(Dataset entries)

________________________________________

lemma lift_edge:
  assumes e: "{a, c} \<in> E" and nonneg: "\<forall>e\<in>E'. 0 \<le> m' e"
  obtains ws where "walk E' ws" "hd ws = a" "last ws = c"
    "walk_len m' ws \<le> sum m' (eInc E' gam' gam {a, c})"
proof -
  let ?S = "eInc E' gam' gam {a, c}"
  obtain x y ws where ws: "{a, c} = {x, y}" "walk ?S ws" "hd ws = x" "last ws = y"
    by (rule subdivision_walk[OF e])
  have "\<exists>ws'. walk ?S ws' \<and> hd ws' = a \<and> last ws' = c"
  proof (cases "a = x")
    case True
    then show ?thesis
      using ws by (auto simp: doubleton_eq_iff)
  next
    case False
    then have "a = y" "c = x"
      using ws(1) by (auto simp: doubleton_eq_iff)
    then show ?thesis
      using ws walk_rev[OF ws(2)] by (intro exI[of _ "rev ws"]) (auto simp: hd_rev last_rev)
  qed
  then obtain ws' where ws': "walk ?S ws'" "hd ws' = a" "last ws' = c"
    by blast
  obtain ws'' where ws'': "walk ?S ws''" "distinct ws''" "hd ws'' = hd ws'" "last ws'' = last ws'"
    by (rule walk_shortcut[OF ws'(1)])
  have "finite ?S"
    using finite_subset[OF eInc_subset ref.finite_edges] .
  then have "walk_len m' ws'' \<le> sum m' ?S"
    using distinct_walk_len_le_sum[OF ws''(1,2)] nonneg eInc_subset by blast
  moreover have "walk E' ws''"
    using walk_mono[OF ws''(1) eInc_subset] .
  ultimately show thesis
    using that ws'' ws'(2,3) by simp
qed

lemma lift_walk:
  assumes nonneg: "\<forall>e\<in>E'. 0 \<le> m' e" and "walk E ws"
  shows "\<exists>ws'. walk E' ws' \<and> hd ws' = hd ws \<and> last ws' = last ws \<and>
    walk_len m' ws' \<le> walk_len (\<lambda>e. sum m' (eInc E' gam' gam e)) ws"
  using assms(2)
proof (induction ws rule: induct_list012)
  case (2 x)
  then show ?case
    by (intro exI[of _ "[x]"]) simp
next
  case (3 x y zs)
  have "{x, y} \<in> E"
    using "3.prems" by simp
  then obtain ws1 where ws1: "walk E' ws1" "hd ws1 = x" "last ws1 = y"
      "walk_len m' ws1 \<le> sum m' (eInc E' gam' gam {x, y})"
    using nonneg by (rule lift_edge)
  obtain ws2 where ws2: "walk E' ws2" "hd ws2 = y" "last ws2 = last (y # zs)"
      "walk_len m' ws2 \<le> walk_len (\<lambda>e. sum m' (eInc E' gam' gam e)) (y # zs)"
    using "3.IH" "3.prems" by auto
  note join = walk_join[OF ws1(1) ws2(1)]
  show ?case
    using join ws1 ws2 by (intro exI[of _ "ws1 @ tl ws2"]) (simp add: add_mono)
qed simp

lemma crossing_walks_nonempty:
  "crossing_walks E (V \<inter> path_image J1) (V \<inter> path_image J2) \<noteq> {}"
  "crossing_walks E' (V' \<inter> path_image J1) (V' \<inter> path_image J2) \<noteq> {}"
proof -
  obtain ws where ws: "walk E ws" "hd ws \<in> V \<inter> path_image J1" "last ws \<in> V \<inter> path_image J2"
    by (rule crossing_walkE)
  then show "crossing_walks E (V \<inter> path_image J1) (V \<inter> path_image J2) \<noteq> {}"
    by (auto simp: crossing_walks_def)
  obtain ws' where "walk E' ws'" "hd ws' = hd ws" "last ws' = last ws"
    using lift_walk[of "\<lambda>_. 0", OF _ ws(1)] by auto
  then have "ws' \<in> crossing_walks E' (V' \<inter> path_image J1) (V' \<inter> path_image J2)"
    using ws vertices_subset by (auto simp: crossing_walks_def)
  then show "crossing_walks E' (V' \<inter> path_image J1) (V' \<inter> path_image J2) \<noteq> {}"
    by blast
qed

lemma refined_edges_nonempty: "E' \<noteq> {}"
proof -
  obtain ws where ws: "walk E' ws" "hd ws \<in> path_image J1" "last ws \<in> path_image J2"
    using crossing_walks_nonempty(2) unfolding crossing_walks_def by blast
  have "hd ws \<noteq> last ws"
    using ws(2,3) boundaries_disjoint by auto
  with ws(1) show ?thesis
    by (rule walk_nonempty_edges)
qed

________________________________________

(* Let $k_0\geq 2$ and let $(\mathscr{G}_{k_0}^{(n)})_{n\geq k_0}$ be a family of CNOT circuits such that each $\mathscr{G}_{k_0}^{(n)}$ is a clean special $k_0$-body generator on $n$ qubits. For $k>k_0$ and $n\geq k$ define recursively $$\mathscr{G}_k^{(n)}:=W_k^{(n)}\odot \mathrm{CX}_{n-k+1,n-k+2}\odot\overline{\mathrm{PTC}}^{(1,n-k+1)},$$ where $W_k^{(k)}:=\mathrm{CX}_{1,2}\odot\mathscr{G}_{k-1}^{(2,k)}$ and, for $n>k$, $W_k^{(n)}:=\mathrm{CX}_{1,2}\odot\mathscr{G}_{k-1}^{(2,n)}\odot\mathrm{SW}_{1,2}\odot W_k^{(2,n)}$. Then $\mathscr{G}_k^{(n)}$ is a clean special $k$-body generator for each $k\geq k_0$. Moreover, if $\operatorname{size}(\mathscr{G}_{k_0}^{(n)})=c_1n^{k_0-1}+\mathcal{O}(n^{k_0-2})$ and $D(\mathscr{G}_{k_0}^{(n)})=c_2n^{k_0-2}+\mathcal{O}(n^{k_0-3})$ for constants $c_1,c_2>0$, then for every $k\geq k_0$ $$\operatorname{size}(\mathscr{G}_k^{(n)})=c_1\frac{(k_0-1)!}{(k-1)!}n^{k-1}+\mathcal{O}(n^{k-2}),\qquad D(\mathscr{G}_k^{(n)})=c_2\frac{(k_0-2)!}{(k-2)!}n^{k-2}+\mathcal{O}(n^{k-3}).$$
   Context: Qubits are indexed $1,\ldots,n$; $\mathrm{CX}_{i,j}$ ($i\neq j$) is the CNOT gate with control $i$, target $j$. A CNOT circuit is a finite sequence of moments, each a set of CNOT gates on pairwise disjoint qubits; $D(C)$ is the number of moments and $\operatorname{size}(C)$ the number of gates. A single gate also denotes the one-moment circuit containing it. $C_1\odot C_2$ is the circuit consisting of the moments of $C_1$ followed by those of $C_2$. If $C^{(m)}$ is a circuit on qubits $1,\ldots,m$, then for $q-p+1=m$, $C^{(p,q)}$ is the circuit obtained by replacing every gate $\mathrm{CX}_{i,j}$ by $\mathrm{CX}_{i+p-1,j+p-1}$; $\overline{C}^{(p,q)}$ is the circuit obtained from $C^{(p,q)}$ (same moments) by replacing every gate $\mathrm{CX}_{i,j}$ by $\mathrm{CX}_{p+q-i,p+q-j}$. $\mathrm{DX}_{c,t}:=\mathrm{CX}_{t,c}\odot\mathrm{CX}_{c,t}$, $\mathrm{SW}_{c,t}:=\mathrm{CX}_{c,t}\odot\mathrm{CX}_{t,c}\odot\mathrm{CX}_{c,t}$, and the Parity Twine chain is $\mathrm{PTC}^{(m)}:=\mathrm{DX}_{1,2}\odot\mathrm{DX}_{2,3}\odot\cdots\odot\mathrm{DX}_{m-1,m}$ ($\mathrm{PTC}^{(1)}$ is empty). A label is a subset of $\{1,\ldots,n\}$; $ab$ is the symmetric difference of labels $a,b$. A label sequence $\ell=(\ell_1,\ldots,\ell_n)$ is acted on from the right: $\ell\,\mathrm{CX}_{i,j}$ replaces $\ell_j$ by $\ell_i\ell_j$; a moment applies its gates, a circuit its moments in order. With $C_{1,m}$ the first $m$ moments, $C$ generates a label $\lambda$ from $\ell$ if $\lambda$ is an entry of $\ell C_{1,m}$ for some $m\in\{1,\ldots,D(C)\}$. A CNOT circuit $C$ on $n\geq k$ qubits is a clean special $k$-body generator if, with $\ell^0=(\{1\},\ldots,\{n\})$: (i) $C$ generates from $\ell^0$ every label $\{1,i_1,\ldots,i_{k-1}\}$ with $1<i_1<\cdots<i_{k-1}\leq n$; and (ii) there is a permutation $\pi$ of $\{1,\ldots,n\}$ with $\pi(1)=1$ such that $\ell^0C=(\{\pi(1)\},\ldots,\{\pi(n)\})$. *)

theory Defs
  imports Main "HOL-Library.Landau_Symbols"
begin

________________________________________

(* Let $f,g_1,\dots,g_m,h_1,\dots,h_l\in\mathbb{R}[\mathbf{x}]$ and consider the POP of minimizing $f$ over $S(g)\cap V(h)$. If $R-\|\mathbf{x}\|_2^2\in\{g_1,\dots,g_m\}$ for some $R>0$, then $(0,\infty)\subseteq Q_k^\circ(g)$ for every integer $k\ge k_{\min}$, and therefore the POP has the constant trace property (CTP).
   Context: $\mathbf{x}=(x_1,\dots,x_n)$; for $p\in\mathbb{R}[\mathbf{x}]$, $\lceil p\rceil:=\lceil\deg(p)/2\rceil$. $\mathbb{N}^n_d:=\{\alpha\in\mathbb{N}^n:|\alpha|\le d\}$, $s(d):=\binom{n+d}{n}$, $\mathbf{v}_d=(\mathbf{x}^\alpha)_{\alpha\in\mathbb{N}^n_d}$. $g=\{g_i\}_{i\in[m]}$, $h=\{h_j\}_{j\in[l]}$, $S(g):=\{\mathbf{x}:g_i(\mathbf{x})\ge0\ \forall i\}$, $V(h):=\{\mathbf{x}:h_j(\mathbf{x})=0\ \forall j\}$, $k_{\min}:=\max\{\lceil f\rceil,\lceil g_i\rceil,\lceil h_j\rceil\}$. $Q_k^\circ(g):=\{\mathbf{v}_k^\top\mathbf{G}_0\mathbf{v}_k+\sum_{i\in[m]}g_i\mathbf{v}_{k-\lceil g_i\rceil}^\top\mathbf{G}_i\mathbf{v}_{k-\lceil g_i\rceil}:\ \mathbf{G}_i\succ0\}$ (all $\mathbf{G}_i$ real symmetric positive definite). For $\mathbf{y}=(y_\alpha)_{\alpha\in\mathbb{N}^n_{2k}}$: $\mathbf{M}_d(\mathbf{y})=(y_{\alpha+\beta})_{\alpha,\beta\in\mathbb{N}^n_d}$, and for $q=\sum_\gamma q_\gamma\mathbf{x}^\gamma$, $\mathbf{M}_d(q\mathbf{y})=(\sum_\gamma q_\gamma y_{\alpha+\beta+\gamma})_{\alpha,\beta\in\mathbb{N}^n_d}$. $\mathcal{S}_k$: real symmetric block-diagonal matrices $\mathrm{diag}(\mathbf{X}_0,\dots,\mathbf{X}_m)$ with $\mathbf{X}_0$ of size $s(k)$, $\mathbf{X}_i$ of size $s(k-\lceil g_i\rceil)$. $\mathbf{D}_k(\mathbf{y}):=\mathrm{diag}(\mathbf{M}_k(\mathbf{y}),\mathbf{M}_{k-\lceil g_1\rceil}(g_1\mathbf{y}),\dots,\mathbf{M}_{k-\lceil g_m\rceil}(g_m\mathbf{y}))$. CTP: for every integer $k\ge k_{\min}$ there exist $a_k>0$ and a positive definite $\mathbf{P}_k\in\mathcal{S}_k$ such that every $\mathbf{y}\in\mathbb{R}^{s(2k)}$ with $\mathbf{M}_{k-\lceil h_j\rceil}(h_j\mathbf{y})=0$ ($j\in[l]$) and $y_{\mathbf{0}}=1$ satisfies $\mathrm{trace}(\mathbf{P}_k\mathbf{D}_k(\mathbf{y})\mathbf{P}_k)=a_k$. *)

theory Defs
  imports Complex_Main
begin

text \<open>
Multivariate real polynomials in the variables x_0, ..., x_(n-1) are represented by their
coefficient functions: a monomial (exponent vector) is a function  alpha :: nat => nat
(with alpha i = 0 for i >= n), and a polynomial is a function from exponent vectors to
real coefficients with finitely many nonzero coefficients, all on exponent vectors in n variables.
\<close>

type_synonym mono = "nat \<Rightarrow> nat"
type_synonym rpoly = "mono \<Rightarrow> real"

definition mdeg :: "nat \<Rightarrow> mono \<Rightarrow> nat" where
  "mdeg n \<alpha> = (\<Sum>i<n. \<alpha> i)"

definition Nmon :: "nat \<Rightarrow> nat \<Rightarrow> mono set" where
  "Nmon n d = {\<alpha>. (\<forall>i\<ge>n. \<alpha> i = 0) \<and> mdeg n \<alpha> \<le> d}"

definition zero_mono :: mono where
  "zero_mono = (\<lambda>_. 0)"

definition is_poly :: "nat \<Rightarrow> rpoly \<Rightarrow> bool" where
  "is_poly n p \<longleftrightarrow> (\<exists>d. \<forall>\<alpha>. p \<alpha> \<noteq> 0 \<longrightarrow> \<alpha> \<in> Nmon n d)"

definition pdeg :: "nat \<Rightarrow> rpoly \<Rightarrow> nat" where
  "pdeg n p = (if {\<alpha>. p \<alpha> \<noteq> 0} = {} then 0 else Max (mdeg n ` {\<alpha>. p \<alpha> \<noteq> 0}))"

________________________________________

What is needed
Please report how many lines in the records above contain the word "pdeg", and give nothing but the number.

Your response
2